Here's a slightly different method which might be a little faster,
since it uses intrinsically defined functions and pre-calculates more of
the values.

Taking my cue from Rune, define

/////////////////////////////////

#declare bX = <1,-0.05,0>;
#declare bY = <-0.5,0.5,0>;
#declare bZ = <0,0,1>;
#declare bC = <0,0,0>;

// The 16 statements to fill out the 16 elements of the inverse
// New system devised by Ben Birdsey (12/31/00)

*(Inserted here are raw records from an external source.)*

theorem pairwise_anticomm_generate_order_8:
  assumes idx: "seq_index I" and bas: "basic_seq G m e I"
    and len: "\<forall>L. I = {..<L} \<longrightarrow> L \<ge> 2"
    and hyp: "\<forall>x\<in>generate G (e ` I) - {\<one>, m}. \<forall>y\<in>generate G (e ` I) - {\<one>, m}.
      x \<noteq> y \<and> x \<noteq> m \<otimes> y \<longrightarrow> x \<otimes> y = m \<otimes> (y \<otimes> x)"
  shows "I = {..<2} \<and> card (generate G (e ` I)) = 8"
proof -
  let ?gen = "generate G (e ` I)"
  have sub: "subgroup ?gen G" by (rule generate_is_subgroup[OF seq_closed])
  have anticomm: "x \<otimes> y = m \<otimes> (y \<otimes> x)"
    if "x \<in> ?gen" "y \<in> ?gen" "x \<notin> {\<one>, m}" "y \<notin> {\<one>, m}" "x \<otimes> y \<notin> {\<one>, m}" for x y
    using hyp that prod_not_sign_imp_distinct[of x y] subgroup.subset[OF sub] by blast
  have not_sign: "seq_pow G e (indicator A) \<notin> {\<one>, m}" if "A \<subseteq> I" "A \<noteq> {}" "finite A" for A
    using basic_seq_indicator[OF bas that(3,1,2)] by blast
  have gen: "e j \<in> ?gen" if "j \<in> I" for j
    using that by (auto intro: generate.incl)
  have I01: "0 \<in> I" "1 \<in> I" using idx len unfolding seq_index_def by auto
  have a01: "e 0 \<otimes> e 1 = m \<otimes> (e 1 \<otimes> e 0)"
    using anticomm[OF gen gen] not_sign[of "{0}"] not_sign[of "{1}"] not_sign[of "{0, 1}"] I01
    by (simp add: seq_pow_indicator_upto_three numeral_3_eq_3)
  have "2 \<notin> I"
  proof
    assume I2: "2 \<in> I"
    have "e 0 \<otimes> e 2 = m \<otimes> (e 2 \<otimes> e 0)" "e 1 \<otimes> e 2 = m \<otimes> (e 2 \<otimes> e 1)"
      using anticomm[OF gen gen] not_sign[of "{0}"] not_sign[of "{1}"] not_sign[of "{2}"]
        not_sign[of "{0, 2}"] not_sign[of "{1, 2}"] I01 I2
      by (simp_all add: seq_pow_indicator_upto_three numeral_3_eq_3 numeral_2_eq_2)
    then have "e 0 \<otimes> e 1 \<otimes> e 2 = e 2 \<otimes> (e 0 \<otimes> e 1)"
      using I01 I2 by (intro anticommuting_triple) auto
    moreover have "e 0 \<otimes> e 1 \<otimes> e 2 = m \<otimes> (e 2 \<otimes> (e 0 \<otimes> e 1))"
      using anticomm[of "e 0 \<otimes> e 1" "e 2"] gen I01 I2 subgroup.m_closed[OF sub]
        not_sign[of "{0, 1}"] not_sign[of "{2}"] not_sign[of "{0, 1, 2}"]
      by (simp add: seq_pow_indicator_upto_three numeral_3_eq_3 numeral_2_eq_2)
    ultimately show False
      using I01 I2 neg_one_neq_one r_cancel_one'[of "e 2 \<otimes> (e 0 \<otimes> e 1)" m] by simp
  qed
  then have I: "I = {..<2}"
    using idx len unfolding seq_index_def by (metis le_antisym lessThan_iff not_le UNIV_I)
  have "m \<in> ?gen" by (rule neg_one_in_generate[OF I01 a01])
  then show ?thesis using card_generate[OF bas I] I by simp
qed

end

theorem lemma3p1:
  fixes G :: "('a, 'b) monoid_scheme" and m :: 'a and e :: "nat \<Rightarrow> 'a" and I :: "nat set"
  assumes sg: "signed_group G m"
    and idx: "seq_index I"
    and ein: "e ` I \<subseteq> carrier G"
    and bas: "basic_seq G m e I"
  shows
   "(\<forall>p q. finitary01 I p \<and> finitary01 I q \<longrightarrow>
      (\<forall>N. (\<forall>n\<ge>N. p n = 0 \<and> q n = 0) \<longrightarrow>
        \<comment> \<open>main identity\<close>
        seq_pow G e p \<otimes>\<^bsub>G\<^esub> seq_pow G e q
          = m [^]\<^bsub>G\<^esub> (\<Sum>j<N. \<Sum>k\<in>{j<..<N}.
               ((1 - comm_fun G (e j) (e k)) div 2) * int (p k) * int (q j))
            \<otimes>\<^bsub>G\<^esub> seq_pow G e (\<lambda>n. p n + q n)
        \<comment> \<open>(1)\<close>
      \<and> comm_fun G (seq_pow G e p) (seq_pow G e q)
          = neg1pow (((\<Sum>j<N. \<Sum>k<N. comm_fun G (e j) (e k) * int (p k) * int (q j))
                      - (\<Sum>n<N. int (p n)) * (\<Sum>n<N. int (q n))) div 2)
        \<comment> \<open>(2)\<close>
      \<and> (anticomm_seq G m e I \<longrightarrow>
           comm_fun G (seq_pow G e p) (seq_pow G e q)
             = neg1pow ((\<Sum>n<N. int (p n)) * (\<Sum>n<N. int (q n)) - (\<Sum>n<N. int (p n * q n))))))
   \<and> \<comment> \<open>(4)\<close>
   (\<forall>p. finitary01 I p \<and> anticomm_seq G m e I \<longrightarrow>
      (let P = (\<Sum>n\<in>{n. p n \<noteq> 0}. p n) in
        seq_pow G e p \<otimes>\<^bsub>G\<^esub> seq_pow G e p
          = seq_pow G e (\<lambda>n. 2 * p n) \<otimes>\<^bsub>G\<^esub> m [^]\<^bsub>G\<^esub> (P * (P - 1) div 2)
        \<and> (positive_seq G e I \<longrightarrow>
             (seq_pow G e p \<otimes>\<^bsub>G\<^esub> seq_pow G e p = m \<longleftrightarrow> P mod 4 = 2 \<or> P mod 4 = 3))
        \<and> (negative_seq G m e I \<longrightarrow>
             (seq_pow G e p \<otimes>\<^bsub>G\<^esub> seq_pow G e p = m \<longleftrightarrow> P mod 4 = 2 \<or> P mod 4 = 1))))
   \<and> \<comment> \<open>(5)\<close>
   (\<forall>n. I = {..<n} \<and> anticomm_seq G m e I \<longrightarrow>
      (let S = {x. (\<exists>p. finitary01 I p \<and> x = seq_pow G e p) \<and> x \<otimes>\<^bsub>G\<^esub> x = m} in
        (positive_seq G e I \<longrightarrow> card S = bsum n 2 + bsum n 3)
        \<and> (negative_seq G m e I \<longrightarrow> card S = bsum n 1 + bsum n 2)))
   \<and> \<comment> \<open>(3)\<close>
   (\<forall>(f :: nat \<Rightarrow> 'a) J. seq_index J \<and> f ` J \<subseteq> carrier G \<and> basic_seq G m f J
       \<and> (\<forall>L. J = {..<L} \<longrightarrow> L \<ge> 2)
       \<and> (\<forall>x\<in>generate G (f ` J) - {\<one>\<^bsub>G\<^esub>, m}. \<forall>y\<in>generate G (f ` J) - {\<one>\<^bsub>G\<^esub>, m}.
             x \<noteq> y \<and> x \<noteq> m \<otimes>\<^bsub>G\<^esub> y \<longrightarrow> x \<otimes>\<^bsub>G\<^esub> y = m \<otimes>\<^bsub>G\<^esub> (y \<otimes>\<^bsub>G\<^esub> x))
     \<longrightarrow> J = {..<2} \<and> card (generate G (f ` J)) = 8)"
proof -
  have sgrp: "signed_grp G m" by (rule signed_grpI[OF sg])
  interpret signed_seq G m e I by (rule signed_seqI[OF sgrp ein])
  show ?thesis
    unfolding Let_def
    apply (intro conjI allI impI)
    subgoal for p q N using seq_pow_mult[of p q N] by (simp add: int_pow_neg_one)
    subgoal for p q N using comm_fun_seq_pow_ac_matrix[of p q N] by simp
    subgoal for p q N using comm_fun_seq_pow_anticomm[of p q N] by simp
    subgoal for p using seq_pow_square[of p] sum_finitary01_support[of I p] by (simp add: nat_pow_neg_one)
    subgoal for p using seq_pow_square_positive[of p] sum_finitary01_support[of I p] by simp
    subgoal for p using seq_pow_square_negative[of p] sum_finitary01_support[of I p] by simp
    subgoal for n using card_negative_seq_pows_of_positive[OF bas] by blast
    subgoal for n using card_negative_seq_pows_of_negative[OF bas] by blast
    subgoal for f J using signed_seq.pairwise_anticomm_generate_order_8[OF signed_seqI[OF sgrp]] by blast
    subgoal for f J using signed_seq.pairwise_anticomm_generate_order_8[OF signed_seqI[OF sgrp]] by blast
    done
qed

end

#declare xp  = vcross(bY,bZ);
#declare yp  = vcross(bZ,bX);
#declare zp  = vcross(bX,bY);
#declare det = vdot(bX,xp);

#declare c11 = xp.x / det;
#declare c12 = yp.x / det;
#declare c13 = zp.x / det;
#declare c14 = 0;

#declare c21 = xp.y / det;
#declare c22 = yp.y / det;
#declare c23 = zp.y / det;
#declare c24 = 0;

#declare c31 = xp.z / det;
#declare c32 = yp.z / det;
#declare c33 = zp.z / det;
#declare c34 = 0;

#declare c41 = -vdot(xp,bC)/det;
#declare c42 = -vdot(yp,bC)/det;
#declare c43 = -vdot(zp,bC)/det;
#declare c44 = 1;

/////////////////////////////////

I checked the math on Mathematica, so it *should* be right.

You could look at this as some kind of matrix transform and lit it go
there, but maybe we can get some more understanding.

1) The new vectors xp,yp, and zp are the closest thing that the original
transformation could give you for an ordinary coordinate system.  (
because <1,0,0> is equal to vcross(<0,1,0>,<0,0,1>) ...)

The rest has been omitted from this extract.